[Data provided]

(* Let $n,\alpha$ be positive integers and $\varepsilon\in(0,1)$. Suppose a dataset $S$ over the universe $[n]$ is distributed across $\alpha$ players with the promise that there are at most $C\le F_0(S)$ pairwise collisions. Then there exists a protocol that uses total communication \[\tilde{O}\left(\alpha\log n+\max\left(\frac{1}{F_0(S)},\varepsilon^2\right)\cdot\frac{C}{\varepsilon^2}\log n\right)\] bits and, with probability at least $\frac{2}{3}$, outputs a $(1+\varepsilon)$-approximation to $F_0(S)$.
   Context: Distributed distinct element estimation (coordinator model): there are $\alpha$ servers (players), one of which acts as coordinator; server $a$ holds a vector $v^{(a)}\in\{0,1\}^n$, and $S$ denotes the union (multiset) of all items held by the servers. All communication goes between the coordinator and the other servers; the communication cost is the total number of bits exchanged in the worst case. $F_0(S)$ is the number of $j\in[n]$ with $v^{(a)}_j=1$ for some $a$. The number of pairwise collisions is the number of triples $(a,b,i)$ with $1\le a<b\le\alpha$, $i\in[n]$ and $v^{(a)}_i=v^{(b)}_i=1$. A $(1+\varepsilon)$-approximation to $F$ is a value $\hat F$ with $(1-\varepsilon)F\le\hat F\le(1+\varepsilon)F$. $\tilde{O}$ hides polylogarithmic factors. *)

theory Defs
  imports "HOL-Probability.Probability"
begin

text \<open>Players are indexed by {..<alpha}; player 0 is the coordinator,
  players 1..alpha-1 are the servers. Player a holds a set X a \<subseteq> {..<n}
  (the support of its vector v^(a)). Each player a has a private random seed drawn
  independently from a discrete distribution rnd a.

  The protocol proceeds in exchanges: the coordinator (knowing its input, its seed and the
  whole transcript so far) either halts or sends a message m to a server a; server a then
  replies with a message r computed from its input, its seed, its own view (the previous
  exchanges with it) and m. Each exchange costs 1 + |m| + |r| bits (the extra bit accounts
  for delimiting / signalling the exchange).\<close>

type_synonym transcript = "(nat \<times> bool list \<times> bool list) list"

record protocol =
  steps :: nat
  rnd :: "nat \<Rightarrow> nat pmf"
  coord_act :: "nat set \<Rightarrow> nat \<Rightarrow> transcript \<Rightarrow> (nat \<times> bool list) option"
  server_reply :: "nat \<Rightarrow> nat set \<Rightarrow> nat \<Rightarrow> (bool list \<times> bool list) list \<Rightarrow> bool list \<Rightarrow> bool list"
  out :: "nat set \<Rightarrow> nat \<Rightarrow> transcript \<Rightarrow> real"

definition view :: "nat \<Rightarrow> transcript \<Rightarrow> (bool list \<times> bool list) list" where
  "view a t = map snd (filter (\<lambda>x. fst x = a) t)"

fun exec :: "protocol \<Rightarrow> nat \<Rightarrow> (nat \<Rightarrow> nat set) \<Rightarrow> (nat \<Rightarrow> nat) \<Rightarrow> nat \<Rightarrow> transcript \<Rightarrow> transcript" where
  "exec P \<alpha> X rs 0 t = t"
| "exec P \<alpha> X rs (Suc k) t =
     (case coord_act P (X 0) (rs 0) t of
        None \<Rightarrow> t
      | Some (a, m) \<Rightarrow>
          (if 0 < a \<and> a < \<alpha>
           then exec P \<alpha> X rs k (t @ [(a, m, server_reply P a (X a) (rs a) (view a t) m)])
           else t))"

definition final_transcript :: "protocol \<Rightarrow> nat \<Rightarrow> (nat \<Rightarrow> nat set) \<Rightarrow> (nat \<Rightarrow> nat) \<Rightarrow> transcript" where
  "final_transcript P \<alpha> X rs = exec P \<alpha> X rs (steps P) []"

definition comm_cost :: "protocol \<Rightarrow> nat \<Rightarrow> (nat \<Rightarrow> nat set) \<Rightarrow> (nat \<Rightarrow> nat) \<Rightarrow> nat" where
  "comm_cost P \<alpha> X rs =
     (\<Sum>(a, m, r) \<leftarrow> final_transcript P \<alpha> X rs. 1 + length m + length r)"

definition output_of :: "protocol \<Rightarrow> nat \<Rightarrow> (nat \<Rightarrow> nat set) \<Rightarrow> (nat \<Rightarrow> nat) \<Rightarrow> real" where
  "output_of P \<alpha> X rs = out P (X 0) (rs 0) (final_transcript P \<alpha> X rs)"

definition seeds :: "protocol \<Rightarrow> nat \<Rightarrow> (nat \<Rightarrow> nat) pmf" where
  "seeds P \<alpha> = Pi_pmf {..<\<alpha>} 0 (rnd P)"

definition F0 :: "nat \<Rightarrow> (nat \<Rightarrow> nat set) \<Rightarrow> nat" where
  "F0 \<alpha> X = card (\<Union>a<\<alpha>. X a)"

definition collisions :: "nat \<Rightarrow> (nat \<Rightarrow> nat set) \<Rightarrow> nat" where
  "collisions \<alpha> X = card {(a, b, i). a < b \<and> b < \<alpha> \<and> i \<in> X a \<and> i \<in> X b}"

end

theory Submission
  imports Defs
begin
(* Let $T$ be a finite tree rooted at a fixed non-leaf vertex $r$ and let $k\geq 1$. For each $0\leq i\leq k-1$, let $I_i$ be the graph on $V(T)$ in which distinct $u,v$ are adjacent iff $f_i(u)\cap f_i(v)\neq\emptyset$, where $f_i(u)=[s(p^i(u)),\,t(p^{k-1-i}(u))]$. Then for every $0\leq i\leq k-1$, $I_i$ is a supergraph of $T^k$, i.e. $E(T^k)\subseteq E(I_i)$.
   Context: $T^k$ is the graph on $V(T)$ in which distinct $u,v$ are adjacent iff $d_T(u,v)\leq k$, where $d_T$ is the distance in $T$. For vertices $u,v$, $u\preceq v$ ($u$ is an ancestor of $v$) means that $u$ lies on the unique path in $T$ from $r$ to $v$. For $u\neq r$, $p(u)$ is the neighbour of $u$ on the path from $u$ to $r$, and $p(r)=r$; $p^0(u)=u$ and $p^i(u)=p(p^{i-1}(u))$ for $i\geq 1$. Let $l_1,\ldots,l_m$ be the leaves (degree-1 vertices) of $T$ in the order in which they appear in some depth-first traversal of $T$ starting from $r$; for a vertex $u$, $L(u)=\{i: u\preceq l_i\}$, $s(u)=\min L(u)$, $t(u)=\max L(u)$. (Each $f_i(u)$ is a closed interval with $s(p^i(u))\leq t(p^{k-1-i}(u))$.) *)

theory Defs
  imports Main
begin

(* A finite (undirected, simple) graph is given by a vertex set V and a
   symmetric irreflexive adjacency relation E on V. *)

definition is_walk :: "'a set \<Rightarrow> ('a \<Rightarrow> 'a \<Rightarrow> bool) \<Rightarrow> 'a list \<Rightarrow> bool" where
  "is_walk V E xs \<longleftrightarrow> xs \<noteq> [] \<and> set xs \<subseteq> V \<and>
     (\<forall>j. Suc j < length xs \<longrightarrow> E (xs ! j) (xs ! Suc j))"

definition is_path :: "'a set \<Rightarrow> ('a \<Rightarrow> 'a \<Rightarrow> bool) \<Rightarrow> 'a list \<Rightarrow> bool" where
  "is_path V E xs \<longleftrightarrow> is_walk V E xs \<and> distinct xs"

definition is_tree :: "'a set \<Rightarrow> ('a \<Rightarrow> 'a \<Rightarrow> bool) \<Rightarrow> bool" where
  "is_tree V E \<longleftrightarrow> finite V \<and> V \<noteq> {} \<and>
     (\<forall>u w. E u w \<longrightarrow> u \<in> V \<and> w \<in> V) \<and>
     (\<forall>u w. E u w \<longrightarrow> E w u) \<and> (\<forall>u. \<not> E u u) \<and>
     (\<forall>u\<in>V. \<forall>w\<in>V. \<exists>xs. is_walk V E xs \<and> hd xs = u \<and> last xs = w) \<and>
     \<comment> \<open>acyclic: no cycle of length at least 3\<close>
     (\<nexists>xs. is_path V E xs \<and> length xs \<ge> 3 \<and> E (last xs) (hd xs))"

definition is_leaf :: "'a set \<Rightarrow> ('a \<Rightarrow> 'a \<Rightarrow> bool) \<Rightarrow> 'a \<Rightarrow> bool" where
  "is_leaf V E u \<longleftrightarrow> u \<in> V \<and> card {w \<in> V. E u w} = 1"

definition tdist :: "'a set \<Rightarrow> ('a \<Rightarrow> 'a \<Rightarrow> bool) \<Rightarrow> 'a \<Rightarrow> 'a \<Rightarrow> nat" where
  "tdist V E u v = (LEAST n. \<exists>xs. is_walk V E xs \<and> hd xs = u \<and> last xs = v \<and> length xs = Suc n)"

definition anc :: "'a set \<Rightarrow> ('a \<Rightarrow> 'a \<Rightarrow> bool) \<Rightarrow> 'a \<Rightarrow> 'a \<Rightarrow> 'a \<Rightarrow> bool" where
  "anc V E r u v \<longleftrightarrow> (\<exists>xs. is_path V E xs \<and> hd xs = r \<and> last xs = v \<and> u \<in> set xs)"

definition parent :: "'a set \<Rightarrow> ('a \<Rightarrow> 'a \<Rightarrow> bool) \<Rightarrow> 'a \<Rightarrow> 'a \<Rightarrow> 'a" where
  "parent V E r u = (if u = r then r else (THE w. E u w \<and> anc V E r w u))"

definition is_dfs_order :: "'a set \<Rightarrow> ('a \<Rightarrow> 'a \<Rightarrow> bool) \<Rightarrow> 'a \<Rightarrow> 'a list \<Rightarrow> bool" where
  "is_dfs_order V E r xs \<longleftrightarrow> distinct xs \<and> set xs = V \<and> xs \<noteq> [] \<and> hd xs = r \<and>
     (\<forall>i. 0 < i \<and> i < length xs \<longrightarrow>
        (\<exists>j<i. xs ! j = parent V E r (xs ! i) \<and>
               (\<forall>j'. j < j' \<and> j' \<le> i \<longrightarrow> anc V E r (xs ! j) (xs ! j'))))"

(* leaves l_0, ..., l_{m-1} in order of the traversal (0-based indices) *)
definition leaves_seq :: "'a set \<Rightarrow> ('a \<Rightarrow> 'a \<Rightarrow> bool) \<Rightarrow> 'a list \<Rightarrow> 'a list" where
  "leaves_seq V E xs = filter (is_leaf V E) xs"

definition Lset :: "'a set \<Rightarrow> ('a \<Rightarrow> 'a \<Rightarrow> bool) \<Rightarrow> 'a \<Rightarrow> 'a list \<Rightarrow> 'a \<Rightarrow> nat set" where
  "Lset V E r xs u = {i. i < length (leaves_seq V E xs) \<and> anc V E r u (leaves_seq V E xs ! i)}"

definition sL :: "'a set \<Rightarrow> ('a \<Rightarrow> 'a \<Rightarrow> bool) \<Rightarrow> 'a \<Rightarrow> 'a list \<Rightarrow> 'a \<Rightarrow> nat" where
  "sL V E r xs u = Min (Lset V E r xs u)"

definition tL :: "'a set \<Rightarrow> ('a \<Rightarrow> 'a \<Rightarrow> bool) \<Rightarrow> 'a \<Rightarrow> 'a list \<Rightarrow> 'a \<Rightarrow> nat" where
  "tL V E r xs u = Max (Lset V E r xs u)"

definition f_int :: "'a set \<Rightarrow> ('a \<Rightarrow> 'a \<Rightarrow> bool) \<Rightarrow> 'a \<Rightarrow> 'a list \<Rightarrow> nat \<Rightarrow> nat \<Rightarrow> 'a \<Rightarrow> nat set" where
  "f_int V E r xs k i u =
     {sL V E r xs ((parent V E r ^^ i) u) .. tL V E r xs ((parent V E r ^^ (k - 1 - i)) u)}"
lemma two_le_card_in_nbrs: "2 \<le> card (in_nbrs A x)"
proof -
  have "{u \<in> V. (u, x) \<in> A \<or> (x, u) \<in> A} = in_nbrs A x"
    using x_sink arcs_in by (auto simp: in_nbrs_def)
  then show ?thesis
    using min_degree[OF x_in] by (simp add: degree_def)
qed

lemma connected_minus_x:
  assumes "a \<in> V - {x}" "b \<in> V - {x}"
  shows "(a, b) \<in> (adj_on (V - {x}) A)\<^sup>*"
proof (rule rtrancl_adj_on_if_attached[OF _ proper_descendants_connected _ assms])
  show "proper_descendants \<subseteq> V - {x}"
    by (auto simp: proper_descendants_def)
  fix u assume u: "u \<in> V - {x}"
  show "\<exists>w \<in> proper_descendants. (u, w) \<in> (adj_on (V - {x}) A)\<^sup>*"
  proof (cases "u \<in> proper_descendants")
    case False
    then have "(u, x) \<in> A"
      using star_complement_eq_proper_descendants u by (auto simp: in_nbrs_def)
    then obtain w where "(u, w) \<in> A" "w \<noteq> x"
      using in_nbr_out_arc by blast
    then have "w \<in> proper_descendants" "(u, w) \<in> adj_on (V - {x}) A"
      using arc_into_proper_descendants u arcs_in by (auto simp: adj_on_def)
    then show ?thesis
      by blast
  qed blast
qed

lemma in_tree_minus_x: "in_tree (V - {x}) (Restr A (V - {x}))"
proof -
  interpret in_forest "V - {x}" "Restr A (V - {x})"
  proof
    show "finite (V - {x})"
      using finite_V by simp
    show "acyclic (Restr A (V - {x}))"
      using acyclic_arcs acyclic_subset by blast
  qed (use out_arc_unique in auto)
  have "adj_on (V - {x}) (Restr A (V - {x})) = adj_on (V - {x}) A"
    by (auto simp: adj_on_def)
  then show ?thesis
    using in_tree_if_connected connected_minus_x d_in d_ne_x by auto
qed
lemma reachable_from_kept:
  "distinct L \<Longrightarrow> x \<in> set L \<Longrightarrow>
    \<exists>z\<in>set (kept L). (z, x) \<in> {(a, b). b \<in> set (appended L a)}\<^sup>*"
proof (induction L arbitrary: x rule: regroup_induct)
  case (short L)
  then show ?case by (auto simp: kept_short)
next
  case (split L)
  let ?L1 = "regroup_left L" and ?L2 = "regroup_right L"
  let ?R = "\<lambda>L. {(a, b). b \<in> set (appended L a)}"
  note D = distinct_regroup_decomp[OF split.hyps(1) split.prems(1)]
  have R1: "?R ?L1 \<subseteq> ?R L"
    using mem_of_appended appended_regroup_left[OF split.hyps(1) split.prems(1)] by fastforce
  have R2: "?R ?L2 \<subseteq> ?R L"
    using mem_of_appended appended_regroup_right[OF split.hyps(1) split.prems(1)] by fastforce
  have "(L ! 0, x) \<in> (?R L)\<^sup>*" if x: "x \<in> set ?L1"
  proof -
    obtain z where "z \<in> set (kept ?L1)" and "(z, x) \<in> (?R ?L1)\<^sup>*"
      using split.IH(1)[OF D(1) x] by blast
    moreover have "(L ! 0, z) \<in> ?R L" if "z \<in> set (kept ?L1)"
      using that by (simp add: appended_split[OF split.hyps(1)])
    ultimately show ?thesis
      using rtrancl_mono[OF R1] by (blast intro: converse_rtrancl_into_rtrancl)
  qed
  moreover have "(regroup_pivot L, x) \<in> (?R L)\<^sup>*" if x: "x \<in> set ?L2"
  proof -
    obtain z where "z \<in> set (kept ?L2)" and "(z, x) \<in> (?R ?L2)\<^sup>*"
      using split.IH(2)[OF D(2) x] by blast
    moreover have "(regroup_pivot L, z) \<in> ?R L" if "z \<in> set (kept ?L2)"
      using that D(3) by (simp add: appended_split[OF split.hyps(1)])
    ultimately show ?thesis
      using rtrancl_mono[OF R2] by (blast intro: converse_rtrancl_into_rtrancl)
  qed
  ultimately show ?case
    using split.prems(2) set_regroup_decomp[OF split.hyps(1)]
    by (auto simp: kept_split[OF split.hyps(1)])
qed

[/Data provided]

**Action item:** Looking at the entries, work out how many lines hold the word "filter". Give the number and nothing else.

**Output for this exercise:** 2